Imer gave a rather mischievous, toothy smile after he finished another bite of potatoes.

“I’m going to assume that wasn’t an insult,” he said. 

A brief circle of polite laughter emerged from the room, though Tarnye only managed a coarse, quiet noise and a smile. Verat did not laugh at all. Ana was starting to feel uncomfortable with how uncomfortable Verat clearly was. She wanted to break the tension – to be polite at this meeting before the inspectors left. She quickly finished her own meal, pork, potatoes and vegetables pouring down her throat, before trying another tact. 

“What were you before you were a thaumaturge?” Asked Ana.

“What was I?” She asked back absently, “I was a bookmaker, and a calligrapher. I worked commissions for wealthy people, for those that wanted certain things printed – biographies, family histories. Boring little things, mostly.”

Verat stopped herself. She seemed not to want to say more. Ana felt a little disheartened, but she doubted Imera would hold it against her. 

“Don’t bother with trying to pry too many answers out of her,” said Imera, “She doesn’t like talking.”

“How is that?” Asked Edam.

“Well, she made this wondrous little deal. You see, the false divinity within her has made it so that she can’t tell a lie. If she tries to, she chokes on her own words. She doesn’t like talking because she’s afraid she’ll accidentally tell a lie. It might have been the easiest confession I’ve ever gotten in my life,” he said, sounding quite proud. 

Ana nodded. As far as deals went, it didn’t seem that harsh as long as you were a very honest person.

“What’d she get in exchange?”

“Oh, lots,” he said, “She made a man disappear.
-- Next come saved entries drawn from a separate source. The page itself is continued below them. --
(* Let $\{X,X_n;\,n\ge1\}$ be i.i.d. random variables with values in a real separable Banach space $\mathbf{B}$ and let $p>0$. Then for any $s>0$, $$\limsup_{n\to\infty}\frac1{\log n}\log\mathbb{P}\Big(\max_{1\le k\le n}\|X_k\|>sn^{1/p}\Big)=\min\Big\{0,\,-\frac{\bar\beta-p}{p}\Big\}$$ and $$\liminf_{n\to\infty}\frac1{\log n}\log\mathbb{P}\Big(\max_{1\le k\le n}\|X_k\|>sn^{1/p}\Big)=\min\Big\{0,\,-\frac{\underline\beta-p}{p}\Big\}.$$
   Context: $\bar\beta=-\limsup_{t\to\infty}\frac1t\log\mathbb{P}(\log\|X\|>t)$, $\underline\beta=-\liminf_{t\to\infty}\frac1t\log\mathbb{P}(\log\|X\|>t)$, both in $[0,\infty]$. Conventions: $\log0=-\infty$; $(\pm\infty+y)/x=\pm\infty$ for $x\in(0,\infty)$, $y\in\mathbb{R}$. *)

theory Defs
  imports "HOL-Probability.Probability"
begin

definition elog :: "real \<Rightarrow> ereal" where
  "elog x = (if x = 0 then -\<infinity> else ereal (ln x))"

definition beta_bar :: "'a measure \<Rightarrow> ('a \<Rightarrow> 'b::real_normed_vector) \<Rightarrow> ereal" where
  "beta_bar M X = - Limsup at_top
     (\<lambda>t::real. elog (measure M {\<omega> \<in> space M. elog (norm (X \<omega>)) > ereal t}) / ereal t)"

definition beta_under :: "'a measure \<Rightarrow> ('a \<Rightarrow> 'b::real_normed_vector) \<Rightarrow> ereal" where
  "beta_under M X = - Liminf at_top
     (\<lambda>t::real. elog (measure M {\<omega> \<in> space M. elog (norm (X \<omega>)) > ereal t}) / ereal t)"

end

theory Submission
  imports Defs "HOL-Real_Asymp.Real_Asymp"
begin

text \<open>
  Write \<open>G c = P(\<parallel>X\<parallel> > c)\<close> and \<open>c\<^sub>n = s n powr (1 / p)\<close>. By independence the probability in question is
  \<open>1 - (1 - G c\<^sub>n)\<^sup>n\<close>, which lies between \<open>min 1 (n G c\<^sub>n) / 2\<close> and \<open>min 1 (n G c\<^sub>n)\<close>;
  hence its logarithm divided by \<open>log n\<close> is \<open>min 0 (1 + log G c\<^sub>n / log n)\<close> up to an error
  \<open>O(1 / log n)\<close>. Since \<open>log c\<^sub>n \<sim> log n / p\<close>, it remains to compare the upper and lower limits
  of \<open>log G(e\<^sup>t) / t\<close> along the sample points \<open>t = log c\<^sub>n\<close> with those over all real \<open>t\<close>.
  They agree because \<open>G\<close> is monotone and consecutive sample points have ratio tending to 1.
\<close>

lemma elog_eq_ln: "x > 0 \<Longrightarrow> elog x = ereal (ln x)"
  by (simp add: elog_def)

lemma elog_mono: "0 \<le> x \<Longrightarrow> x \<le> y \<Longrightarrow> elog x \<le> elog y"
  by (auto simp: elog_def)

lemma elog_nonpos: "0 \<le> x \<Longrightarrow> x \<le> 1 \<Longrightarrow> elog x \<le> 0"
  by (auto simp: elog_def)

lemma ereal_less_elog_iff:
  assumes "0 \<le> x" shows "ereal t < elog x \<longleftrightarrow> exp t < x"
proof (cases "x = 0")
  case False
  then have "exp t < x \<longleftrightarrow> exp t < exp (ln x)" using assms by simp
  then show ?thesis using False by (simp add: elog_def)
qed (simp add: elog_def)

lemma Limsup_compose_filterlim_le:
  fixes f :: "'a \<Rightarrow> 'b::complete_lattice"
  assumes "filterlim g G F"
  shows "Limsup F (\<lambda>x. f (g x)) \<le> Limsup G f"
proof -
  have "Limsup F (\<lambda>x. f (g x)) \<le> Limsup (filtermap g F) f"
    by (rule Limsup_filtermap_ge)
  also have "\<dots> \<le> Limsup G f"
    using assms unfolding Limsup_def filterlim_def
    by (intro INF_superset_mono) (auto simp: le_filter_def)
  finally show ?thesis .
qed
Not even a trace of him. No body, no clothes, nothing. Vanished. No one else, though – that part of the deal was for one man and one man only. She herself admitted it.”
Ana was silent.

“And, as a sweetener, she gained one more thing. She’s quite valuable, you see.” 

“What do you mean?” Asked Ana.

“It’ll be more interesting just to demonstrate,” said Imera, making a dismissive gesture. He smiled again.

“Verat, how many people in this room have made deals with a devil?”